Il rapporto pnêuma-psyché s’inserisce in due importanti filoni di ricerca per il pensiero cristiano del IV secolo. Da un lato abbiamo la ricerca antropologica basata su Genesi 1,26, dove si descrive la creazione dell’uomo; dall’altro l’azione dello Spirito sull’individuo quale fonte di carismi e di divinizzazione dell’essere umano.

La grazia dello Spirito, in colui che l’ha accolta, è perennemente presente anche se non sempre in atto:

[Come] l’arte è in potenza nell’artista, in atto lo è quando egli operi a sua norma. Altrettanto lo Spirito da una parte è sempre presente a chi ne è degno, dall’altra opera secondo la necessità, o in profezie, o in guarigioni, o in altre azioni prodigiose. Come nei corpi ci sono la salute, il calore, o in genere disposizioni passeggere, così spesso è presente lo Spirito nell’anima; ma egli non permane in quelli che per l’instabilità del carattere rifiutano alla leggera la grazia che hanno ricevuto (Basilio, “Sullo Spirito Santo”, 26, 63).

L’esposizione basileiana procede su una linea di sincretismo filosofico per cui, elementi che appaiono molti vicini all’etica stoica, sono espressi con terminologia tipicamente platonica.

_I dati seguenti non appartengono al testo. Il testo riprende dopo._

lemma eventually_ln_powr_le_of_powr_le_power:
  fixes N :: "nat \<Rightarrow> real" and s :: "nat \<Rightarrow> nat"
  assumes N: "filterlim N at_top sequentially" and "b > 1" "\<delta> > 0" "c > 0"
    and bound: "\<forall>\<^sub>F i in sequentially. c * N i powr \<delta> \<le> b ^ s i"
    and "r \<le> 1"
  shows "\<exists>C>0. \<forall>\<^sub>F i in sequentially. C * ln (N i) powr r \<le> s i"
proof -
  define C where "C = \<delta> / (2 * ln b)"
  have "C > 0" using \<open>b > 1\<close> \<open>\<delta> > 0\<close> by (simp add: C_def)
  have "filterlim (\<lambda>i. ln (N i)) at_top sequentially"
    using ln_at_top N by (rule filterlim_compose)
  hence "\<forall>\<^sub>F i in sequentially. max 1 (- 2 * ln c / \<delta>) \<le> ln (N i)"
    unfolding filterlim_at_top by blast
  moreover have "\<forall>\<^sub>F i in sequentially. 0 < N i"
    using N by (simp add: filterlim_at_top_dense)
  ultimately have "\<forall>\<^sub>F i in sequentially. C * ln (N i) powr r \<le> s i"
    using bound
  proof eventually_elim
    case (elim i)
    have "ln c + \<delta> * ln (N i) = ln (c * N i powr \<delta>)"
      using elim(2) \<open>c > 0\<close> by (simp add: ln_mult)
    also have "\<dots> \<le> ln (b ^ s i)"
      using elim(2,3) \<open>c > 0\<close> \<open>b > 1\<close> by (subst ln_le_cancel_iff) auto
    also have "\<dots> = s i * ln b"
      using \<open>b > 1\<close> by (simp add: ln_realpow)
    finally have "ln c + \<delta> * ln (N i) \<le> s i * ln b" .
    moreover have "- 2 * ln c \<le> \<delta> * ln (N i)"
      using elim(1) \<open>\<delta> > 0\<close> by (simp add: field_simps)
    ultimately have "C * ln (N i) \<le> s i"
      using \<open>b > 1\<close> by (simp add: C_def field_simps)
    moreover have "ln (N i) powr r \<le> ln (N i)"
      using powr_mono[OF \<open>r \<le> 1\<close>, of "ln (N i)"] elim(1) by (simp add: powr_one)
    hence "C * ln (N i) powr r \<le> C * ln (N i)"
      using \<open>C > 0\<close> by simp
    ultimately show ?case by linarith
  qed
  with \<open>C > 0\<close> show ?thesis by blast
qed

lemma comm_group_char_group: "comm_group (char_group G :: ('a \<Rightarrow> 'k::field) monoid)"
proof (rule comm_groupI)
  fix x y :: "'a \<Rightarrow> 'k"
  assume "x \<in> carrier (char_group G)" "y \<in> carrier (char_group G)"
  thus "x \<otimes>\<^bsub>char_group G\<^esub> y \<in> carrier (char_group G)"
    by (auto simp: char_group_def characters_def mult_ac)
next
  fix x :: "'a \<Rightarrow> 'k"
  assume "x \<in> carrier (char_group G)"
  hence x: "x \<in> characters G" by (simp add: char_group_def)
  have "(\<lambda>a. inverse (x a)) \<in> characters G"
    using x by (auto simp: characters_def inverse_mult_distrib)
  moreover have "(\<lambda>a. inverse (x a) * x a) = (\<lambda>a. 1)"
    using x by (auto simp: characters_def fun_eq_iff intro: left_inverse)
  ultimately show "\<exists>y\<in>carrier (char_group G). y \<otimes>\<^bsub>char_group G\<^esub> x = \<one>\<^bsub>char_group G\<^esub>"
    by (auto simp: char_group_def)
qed (auto simp: char_group_def characters_def mult_ac)

lemma char_group_nat_pow: "x [^]\<^bsub>char_group G\<^esub> (n::nat) = (\<lambda>a. (x a :: 'k::field) ^ n)"
  by (induction n) (simp_all add: char_group_def mult.commute)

Basilio non si limita però a definire lo Αγιου Πνευματοσ e la sua azione nell’interiorità del credente. Da asceta e uomo spirituale approfondisce il legame di unione tra l’anima umana e lo Spirito divino. Esso purifica l’anima dal peccato e la divinizza:

Quanto all’unione dello Spirito con l’anima, essa non consiste in una vicinanza di luogo (come ci si potrebbe avvicinare corporalmente a un essere incorporeo?), ma nello stare lontano dalle passioni che sorgono nell’anima, a causa del suo amore verso la carne che l’allontanano dall’intimità di Dio» (Basilio, “Sullo Spirito Santo”, 9, 23).

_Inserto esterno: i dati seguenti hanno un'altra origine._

lemma rhsMphi_leaf:
  assumes dtla: "is_dtla rk S rkD D M" and lau: "la_uniform rk S M rho"
    and phi: "\<forall>x\<in>set2_tr (phi q (dl M a ps)). fst x \<in> Qs M \<and> rho (fst x) = dl M a ps"
    and ps: "a \<in> S" "length ps = rk a" "set ps \<subseteq> Ps M"
    and y: "y \<in> set2_tr (rhsMphi M phi q a ps)"
  shows "fst y \<in> Qs M \<and> snd y \<in> {1..rk a} \<and> rho (fst y) = ps ! (snd y - 1)"
proof -
  from y obtain x where x: "x \<in> set2_tr (phi q (dl M a ps))" "y \<in> set2_tr (the (rl M (fst x) a ps))"
    unfolding rhsMphi_def set2_tr_subst by blast
  with phi obtain t where "rl M (fst x) a ps = Some t"
    using rl_exists[OF lau _ ps] by force
  with x(2) show ?thesis using rl_leaf[OF dtla lau] by simp
qed

lemma qevN_Sym:
  "wfT rkD D (QN N \<times> {1..length ss}) (rlN N q a) \<Longrightarrow>
   qevN N hq q (Sym a ss) = subst (rlN N q a) (\<lambda>x. qevN N hq (fst x) (ss ! (snd x - 1)))"
  by (simp, rule subst_cong) (auto dest!: wfT_set2_tr)

text \<open>Plugging the translations of the i-th subtree into the leaves that condition (iv) keeps
  symbolic reproduces the substitution of all subtrees.\<close>
lemma subst_plug_qsem:
  fixes M :: "('f, 'g, 'q, 'p) dtla" and rho :: "'q \<Rightarrow> 'p"
  assumes "\<And>y. y \<in> set2_tr T \<Longrightarrow> snd y \<noteq> i \<Longrightarrow>
    (qsem M (fst y) (ss ! (snd y - 1)) :: ('g, 'q \<times> 'p) tr option) \<noteq> None"
  shows "subst (subst T (\<lambda>x. if snd x = i then Lf (fst x, rho (fst x))
                              else the (qsem M (fst x) (ss ! (snd x - 1)))))
           (\<lambda>y. the (qsem M (fst y) (ss ! (i - 1))))
       = (subst T (\<lambda>x. the (qsem M (fst x) (ss ! (snd x - 1)))) :: ('g, 'w) tr)"
  unfolding subst_subst
proof (rule subst_cong)
  fix x assume x: "x \<in> set2_tr T"
  show "subst (if snd x = i then Lf (fst x, rho (fst x)) else the (qsem M (fst x) (ss ! (snd x - 1))))
          (\<lambda>y. the (qsem M (fst y) (ss ! (i - 1)))) = (the (qsem M (fst x) (ss ! (snd x - 1))) :: ('g, 'w) tr)"
  proof (cases "snd x = i")
    case False
    show ?thesis unfolding if_not_P[OF False] by (rule subst_the_qsem[OF assms[OF x False]])
  qed simp
qed

lemma transM_eq:
  fixes M :: "('f, 'g, 'q, 'p) dtla"
  assumes dtla: "is_dtla rk S rkD D M" and lau: "la_uniform rk S M rho" and s: "wfT rk S {} s"
  shows "transM M s = Some (subst (ax M (deltaM M s)) (\<lambda>x. the (qsem M (fst x) s)))"
  unfolding transM_def semMc_def deltaM_def[symmetric] qsem_def[symmetric]
proof (rule osubst_eq_Some)
  fix x assume x: "x \<in> set2_tr (ax M (deltaM M s))"
  have "fst x \<in> Qs M \<and> rho (fst x) = deltaM M s"
    by (rule ax_leaf[OF dtla lau deltaM_in_Ps[OF dtla s] x])
  then have "(qsem M (fst x) s :: ('g, unit) tr option) \<noteq> None"
    by (intro qsem_defined[OF lau _ s]) auto
  then show "qsem M (fst x) s = Some (the (qsem M (fst x) s :: ('g, unit) tr option))" by simp
qed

L’illuminazione spirituale tocca prima l’anima e il cuore, poi l’intelletto. Le anime portatrici dello Spirito sono riconoscibili in quanto si comportano come corpi trasparenti attraversati dalla luce: esse stesse divengono pienamente spirituali e la grazia traspare in loro.

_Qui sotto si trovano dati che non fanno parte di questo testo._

lemma Lset_le_size: "t \<in> Lset B \<Longrightarrow> t \<le> size B"
  unfolding Lset_def using size_le_size_sum_mset min_zero_sumD by blast

lemma finite_Lset: "finite (Lset B)"
  unfolding finite_nat_set_iff_bounded_le using Lset_le_size by blast

lemma Suc_mem_Lset_plus:
  assumes "min_zero_sum A" "t \<in> Lset B"
  shows "Suc t \<in> Lset (A + B)"
proof -
  obtain F where "size F = t" "\<forall>X\<in>#F. min_zero_sum X" "\<Sum>\<^sub># F = B"
    using assms(2) unfolding Lset_def by blast
  then show ?thesis
    using assms(1) unfolding Lset_def by (intro CollectI exI[of _ "add_mset A F"]) auto
qed

text \<open>If all factorizations of B have length at most k, then B minus one of its terms
  has no k disjoint zero-sum subsequences: otherwise those k, together with the zero-sum
  remainder (which contains the removed term), refine to a factorization of length > k.\<close>

lemma size_le_Dk_if_Lset_le:
  assumes "seq_over r B" "zero_sum B" "\<forall>t\<in>Lset B. t \<le> k"
  shows "size B \<le> Dk r k"
proof (rule ccontr)
  assume long: "\<not> size B \<le> Dk r k"
  then have "B \<noteq> {#}" by auto
  then obtain g where g: "g \<in># B" by blast
  have "seq_over r (B - {#g#})" using assms(1) unfolding seq_over_def by (auto dest: in_diffD)
  moreover have "Dk r k \<le> size (B - {#g#})" using long g by (simp add: size_Diff_singleton)
  ultimately have "has_disjoint_zero_sums k (B - {#g#})" by (rule has_disjoint_zero_sums_if_Dk_le)
  then obtain F where F: "size F = k" "\<forall>A\<in>#F. A \<noteq> {#} \<and> zero_sum A" "\<Sum>\<^sub># F \<subseteq># B - {#g#}"
    unfolding has_disjoint_zero_sums_def by blast
  define R where "R = B - \<Sum>\<^sub># F"
  have FB: "\<Sum>\<^sub># F \<subseteq># B" using F(3) by (meson diff_subset_eq_self subset_mset.order_trans)
  have "count (\<Sum>\<^sub># F) g \<le> count B g - 1" using mset_subset_eq_count[OF F(3), of g] by simp
  moreover have "0 < count B g" using g by simp
  ultimately have "count (\<Sum>\<^sub># F) g < count B g" by linarith
  then have "g \<in># R" unfolding R_def by (simp add: in_diff_count)
  then have "R \<noteq> {#}" by auto
  moreover have "zero_sum R"
    unfolding R_def using zero_sum_minus[OF assms(2) zero_sum_sum_mset FB] F(2) by blast
  ultimately have "\<forall>A\<in>#add_mset R F. A \<noteq> {#} \<and> zero_sum A" using F(2) by auto
  moreover have "\<Sum>\<^sub># (add_mset R F) = B" unfolding R_def using FB by simp
  ultimately obtain t where "t \<in> Lset B" "size (add_mset R F) \<le> t"
    using Lset_refine[of "add_mset R F"] by auto
  then show False using assms(3) F(1) by fastforce
qed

Basilio rileva anche il fondamentale ruolo dello Αγιου Πνευματοσ presente nell’uomo per la futura risurrezione dei corpi:

Il nostro accesso all’intimità con Dio si compie mediante lo Spirito. Infatti «Dio ha mandato nei nostri cuori lo Spirito del suo Figlio che grida: Abbà, Padre!» La risurrezione dai morti è operata dallo Spirito. «Mandi il tuo Spirito, sono creati, e rinnovi la faccia della terra» (Basilio, “Sullo Spirito Santo”, 26, 61).

 

Bibliografia

A. BROMBIN, Il respiro dell’anima. Distinzione teologico-filosofica tra anima e spirito, Aracne Editrice, Roma 2014.